[Saved entries]
______________________________

lemma Bplus_same_iff_interlaces:
  assumes L: "sized L (2 * m + 1)" and L': "sized L' (2 * m)"
  shows "Bplus m m Z Z' L L' \<longleftrightarrow> L \<in> Sbar Z \<and> L' \<in> Sbar Z' \<and> defect L' = 1 - defect L \<and>
           interlaces (interleave L) (interleave L') (2 * m + 1)"
proof -
  obtain a b c d where ab: "L = (a, b)" and cd: "L' = (c, d)" by fastforce
  have len: "length a = Suc m" "length b = m" "length c = m" "length d = m"
    using L L' by (simp_all add: ab cd sized_def)
  have d_row: "(\<forall>i. 1 \<le> i \<and> i \<le> length d \<longrightarrow> ent a i > ent d i \<and> ent d i \<ge> ent a (i + 1))
      \<longleftrightarrow> (\<forall>p<m. d ! p < a ! p) \<and> (\<forall>p<m. a ! Suc p \<le> d ! p)"
    unfolding all_one_le_le_iff using len
    by (auto simp: ent_Suc_le_ent_Suc_iff ent_Suc_less_ent_Suc_iff)
  have c_row: "(\<forall>i. 1 \<le> i \<and> i \<le> length c \<longrightarrow> ent0 b (i - 1) > ent c i \<and> ent c i \<ge> ent b i)
      \<longleftrightarrow> (\<forall>p. Suc p < m \<longrightarrow> c ! Suc p < b ! p) \<and> (\<forall>p<m. b ! p \<le> c ! p)"
  proof -
    have "(\<forall>p<m. ent c (Suc p) < ent0 b p) \<longleftrightarrow> (\<forall>p. Suc p < m \<longrightarrow> c ! Suc p < b ! p)"
      using len by (cases m) (simp_all add: All_less_Suc2 ent_Suc_less_ent_Suc_iff)
    moreover have "(\<forall>p<m. ent b (Suc p) \<le> ent c (Suc p)) \<longleftrightarrow> (\<forall>p<m. b ! p \<le> c ! p)"
      using len by (auto simp: ent_Suc_le_ent_Suc_iff)
    ultimately show ?thesis
      unfolding all_one_le_le_iff len by auto
  qed
  show ?thesis
    unfolding Bplus_def Let_def interlaces_iff_rows ab cd fst_conv snd_conv d_row c_row
    by auto
qed

lemma interlaces_cong: "(\<And>i. i < N \<Longrightarrow> e i = e' i) \<Longrightarrow> interlaces e z N \<longleftrightarrow> interlaces e' z N"
  by (simp add: interlaces_def)

lemma sized_special1: "special1 Z m \<Longrightarrow> sized Z (2 * m + 1)"
  by (simp add: special1_def sized_def)

lemma sized_special0: "special0 Z m \<Longrightarrow> sized Z (2 * m)"
  by (simp add: special0_def sized_def)

lemma antimono_interleave_special1:
  assumes "special1 Z m"
  shows "antimono_on {..<2 * m + 1} (interleave Z)"
proof (rule antimono_on_lessThanI)
  fix i assume "Suc i < 2 * m + 1"
  then show "interleave Z (Suc i) \<le> interleave Z i"
    using assms by (cases "even i") (auto simp: special1_def elim!: evenE oddE)
qed

lemma antimono_interleave_special0:
  assumes "special0 Z m"
  shows "antimono_on {..<2 * m} (interleave Z)"
proof (rule antimono_on_lessThanI)
  fix i assume "Suc i < 2 * m"
  then show "interleave Z (Suc i) \<le> interleave Z i"
    using assms by (cases "even i") (auto simp: special0_def elim!: evenE oddE)
qed

lemma exists_other_interlacing_symbol:
  assumes P: "sized P N" and reg: "regular P" and dec: "antimono_on {..<N} (interleave P)"
    and il: "interlaces (interleave P) z N" and j: "Suc (Suc j) < N" "z (Suc j) = z j"
  obtains P' where "P' \<in> Sbar P" "P' \<noteq> P" "sized P' N" "interlaces (interleave P') z N"
proof -
  have sdec: "strict_antimono_on {..<N} (interleave P)"
    using strict_antimono_on_lessThanI[OF dec] reg regular_iff_interleave_adjacent_neq[OF P dec]
    by blast
  obtain k where k: "Suc k < N" and il': "interlaces (interleave P \<circ> transpose k (Suc k)) z N"
    using exists_transpose_interlaces[OF il sdec j] by blast
  let ?P' = "deinterleave (interleave P \<circ> transpose k (Suc k)) N"
  show thesis
  proof
    show "?P' \<in> Sbar P" by (rule deinterleave_transpose_in_Sbar[OF P reg sdec k])
    show "?P' \<noteq> P" by (rule deinterleave_transpose_neq[OF P sdec k])
    show "sized ?P' N" by (rule sized_deinterleave)
    show "interlaces (interleave ?P') z N"
      using il' interlaces_cong[of N "interleave ?P'" "interleave P \<circ> transpose k (Suc k)" z]
        interleave_deinterleave by blast
  qed
qed

lemma regular_of_D_Z_eq_singleton:
  assumes Z: "special1 Z m" and Z': "special0 Z' (Suc m)" and reg': "regular Z'"
    and D: "D_Z m (Suc m) Z Z' = {Z'}"
  shows "regular Z"
proof (rule ccontr)
  assume "\<not> regular Z"
  then obtain j where j: "Suc j < 2 * m + 1" "interleave Z (Suc j) = interleave Z j"
    using regular_iff_interleave_adjacent_neq[OF sized_special1 antimono_interleave_special1, OF Z Z]
    by blast
  have sZ: "sized Z (2 * m + 1)" and sZ': "sized Z' (2 * m + 2)"
    using sized_special1[OF Z] sized_special0[OF Z'] by simp_all
  have "(Z, Z') \<in> Drel m (Suc m) Z Z'"
    using D by (auto simp: D_Z_def)
  then have B: "Bplus m (Suc m) Z Z' Z Z'" and SZ: "Z \<in> Sdef Z 1" and SZ': "Z' \<in> Sdef Z' 0"
    by (auto simp: Drel_def)
  have il: "interlaces (interleave Z') (interleave Z) (2 * m + 2)"
    using B Bplus_Suc_iff_interlaces[OF sZ sZ'] by blast
  have dec': "antimono_on {..<2 * m + 2} (interleave Z')"
    using antimono_interleave_special0[OF Z'] by simp
  have "Suc (Suc j) < 2 * m + 2"
    using j by simp
  then obtain Z'' where Z'': "Z'' \<in> Sbar Z'" "Z'' \<noteq> Z'" "sized Z'' (2 * m + 2)"
      "interlaces (interleave Z'') (interleave Z) (2 * m + 2)"
    using exists_other_interlacing_symbol[OF sZ' reg' dec' il] j(2) by blast
  have "defect Z'' = defect Z'"
    by (rule defect_sized[OF sZ' Z''(3)])
  then have "Bplus m (Suc m) Z Z' Z Z''" and "Z'' \<in> Sdef Z' 0"
    using B SZ' Z'' by (simp_all add: Bplus_Suc_iff_interlaces[OF sZ sZ']
        Bplus_Suc_iff_interlaces[OF sZ Z''(3)] Sdef_def)
  then have "Z'' \<in> D_Z m (Suc m) Z Z'"
    using SZ by (simp add: D_Z_def Drel_def)
  then show False
    using D Z''(2) by simp
qed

______________________________

About this exercise — Every entry shown above is to be written out exactly.

Answer to this task —
lemma Bplus_same_iff_interlaces:
  assumes L: "sized L (2 * m + 1)" and L': "sized L' (2 * m)"
  shows "Bplus m m Z Z' L L' \<longleftrightarrow> L \<in> Sbar Z \<and> L' \<in> Sbar Z' \<and> defect L' = 1 - defect L \<and>
           interlaces (interleave L) (interleave L') (2 * m + 1)"
proof -
  obtain a b c d where ab: "L = (a, b)" and cd: "L' = (c, d)" by fastforce
  have len: "length a = Suc m" "length b = m" "length c = m" "length d = m"
    using L L' by (simp_all add: ab cd sized_def)
  have d_row: "(\<forall>i. 1 \<le> i \<and> i \<le> length d \<longrightarrow> ent a i > ent d i \<and> ent d i \<ge> ent a (i + 1))
      \<longleftrightarrow> (\<forall>p<m. d ! p < a ! p) \<and> (\<forall>p<m. a ! Suc p \<le> d ! p)"
    unfolding all_one_le_le_iff using len
    by (auto simp: ent_Suc_le_ent_Suc_iff ent_Suc_less_ent_Suc_iff)
  have c_row: "(\<forall>i. 1 \<le> i \<and> i \<le> length c \<longrightarrow> ent0 b (i - 1) > ent c i \<and> ent c i \<ge> ent b i)
      \<longleftrightarrow> (\<forall>p. Suc p < m \<longrightarrow> c ! Suc p < b ! p) \<and> (\<forall>p<m. b ! p \<le> c ! p)"
  proof -
    have "(\<forall>p<m. ent c (Suc p) < ent0 b p) \<longleftrightarrow> (\<forall>p. Suc p < m \<longrightarrow> c ! Suc p < b ! p)"
      using len by (cases m) (simp_all add: All_less_Suc2 ent_Suc_less_ent_Suc_iff)
    moreover have "(\<forall>p<m. ent b (Suc p) \<le> ent c (Suc p)) \<longleftrightarrow> (\<forall>p<m. b ! p \<le> c ! p)"
      using len by (auto simp: ent_Suc_le_ent_Suc_iff)
    ultimately show ?thesis
      unfolding all_one_le_le_iff len by auto
  qed
  show ?thesis
    unfolding Bplus_def Let_def interlaces_iff_rows ab cd fst_conv snd_conv d_row c_row
    by auto
qed

lemma interlaces_cong: "(\<And>i. i < N \<Longrightarrow> e i = e' i) \<Longrightarrow> interlaces e z N \<longleftrightarrow> interlaces e' z N"
  by (simp add: interlaces_def)

lemma sized_special1: "special1 Z m \<Longrightarrow> sized Z (2 * m + 1)"
  by (simp add: special1_def sized_def)

lemma sized_special0: "special0 Z m \<Longrightarrow> sized Z (2 * m)"
  by (simp add: special0_def sized_def)

lemma antimono_interleave_special1:
  assumes "special1 Z m"
  shows "antimono_on {..<2 * m + 1} (interleave Z)"
proof (rule antimono_on_lessThanI)
  fix i assume "Suc i < 2 * m + 1"
  then show "interleave Z (Suc i) \<le> interleave Z i"
    using assms by (cases "even i") (auto simp: special1_def elim!: evenE oddE)
qed

lemma antimono_interleave_special0:
  assumes "special0 Z m"
  shows "antimono_on {..<2 * m} (interleave Z)"
proof (rule antimono_on_lessThanI)
  fix i assume "Suc i < 2 * m"
  then show "interleave Z (Suc i) \<le> interleave Z i"
    using assms by (cases "even i") (auto simp: special0_def elim!: evenE oddE)
qed

lemma exists_other_interlacing_symbol:
  assumes P: "sized P N" and reg: "regular P" and dec: "antimono_on {..<N} (interleave P)"
    and il: "interlaces (interleave P) z N" and j: "Suc (Suc j) < N" "z (Suc j) = z j"
  obtains P' where "P' \<in> Sbar P" "P' \<noteq> P" "sized P' N" "interlaces (interleave P') z N"
proof -
  have sdec: "strict_antimono_on {..<N} (interleave P)"
    using strict_antimono_on_lessThanI[OF dec] reg regular_iff_interleave_adjacent_neq[OF P dec]
    by blast
  obtain k where k: "Suc k < N" and il': "interlaces (interleave P \<circ> transpose k (Suc k)) z N"
    using exists_transpose_interlaces[OF il sdec j] by blast
  let ?P' = "deinterleave (interleave P \<circ> transpose k (Suc k)) N"
  show thesis
  proof
    show "?P' \<in> Sbar P" by (rule deinterleave_transpose_in_Sbar[OF P reg sdec k])
    show "?P' \<noteq> P" by (rule deinterleave_transpose_neq[OF P sdec k])
    show "sized ?P' N" by (rule sized_deinterleave)
    show "interlaces (interleave ?P') z N"
      using il' interlaces_cong[of N "interleave ?P'" "interleave P \<circ> transpose k (Suc k)" z]
        interleave_deinterleave by blast
  qed
qed

lemma regular_of_D_Z_eq_singleton:
  assumes Z: "special1 Z m" and Z': "special0 Z' (Suc m)" and reg': "regular Z'"
    and D: "D_Z m (Suc m) Z Z' = {Z'}"
  shows "regular Z"
proof (rule ccontr)
  assume "\<not> regular Z"
  then obtain j where j: "Suc j < 2 * m + 1" "interleave Z (Suc j) = interleave Z j"
    using regular_iff_interleave_adjacent_neq[OF sized_special1 antimono_interleave_special1, OF Z Z]
    by blast
  have sZ: "sized Z (2 * m + 1)" and sZ': "sized Z' (2 * m + 2)"
    using sized_special1[OF Z] sized_special0[OF Z'] by simp_all
  have "(Z, Z') \<in> Drel m (Suc m) Z Z'"
    using D by (auto simp: D_Z_def)
  then have B: "Bplus m (Suc m) Z Z' Z Z'" and SZ: "Z \<in> Sdef Z 1" and SZ': "Z' \<in> Sdef Z' 0"
    by (auto simp: Drel_def)
  have il: "interlaces (interleave Z') (interleave Z) (2 * m + 2)"
    using B Bplus_Suc_iff_interlaces[OF sZ sZ'] by blast
  have dec': "antimono_on {..<2 * m + 2} (interleave Z')"
    using antimono_interleave_special0[OF Z'] by simp
  have "Suc (Suc j) < 2 * m + 2"
    using j by simp
  then obtain Z'' where Z'': "Z'' \<in> Sbar Z'" "Z'' \<noteq> Z'" "sized Z'' (2 * m + 2)"
      "interlaces (interleave Z'') (interleave Z) (2 * m + 2)"
    using exists_other_interlacing_symbol[OF sZ' reg' dec' il] j(2) by blast
  have "defect Z'' = defect Z'"
    by (rule defect_sized[OF sZ' Z''(3)])
  then have "Bplus m (Suc m) Z Z' Z Z''" and "Z'' \<in> Sdef Z' 0"
    using B SZ' Z'' by (simp_all add: Bplus_Suc_iff_interlaces[OF sZ sZ']
        Bplus_Suc_iff_interlaces[OF sZ Z''(3)] Sdef_def)
  then have "Z'' \<in> D_Z m (Suc m) Z Z'"
    using SZ by (simp add: D_Z_def Drel_def)
  then show False
    using D Z''(2) by simp
qed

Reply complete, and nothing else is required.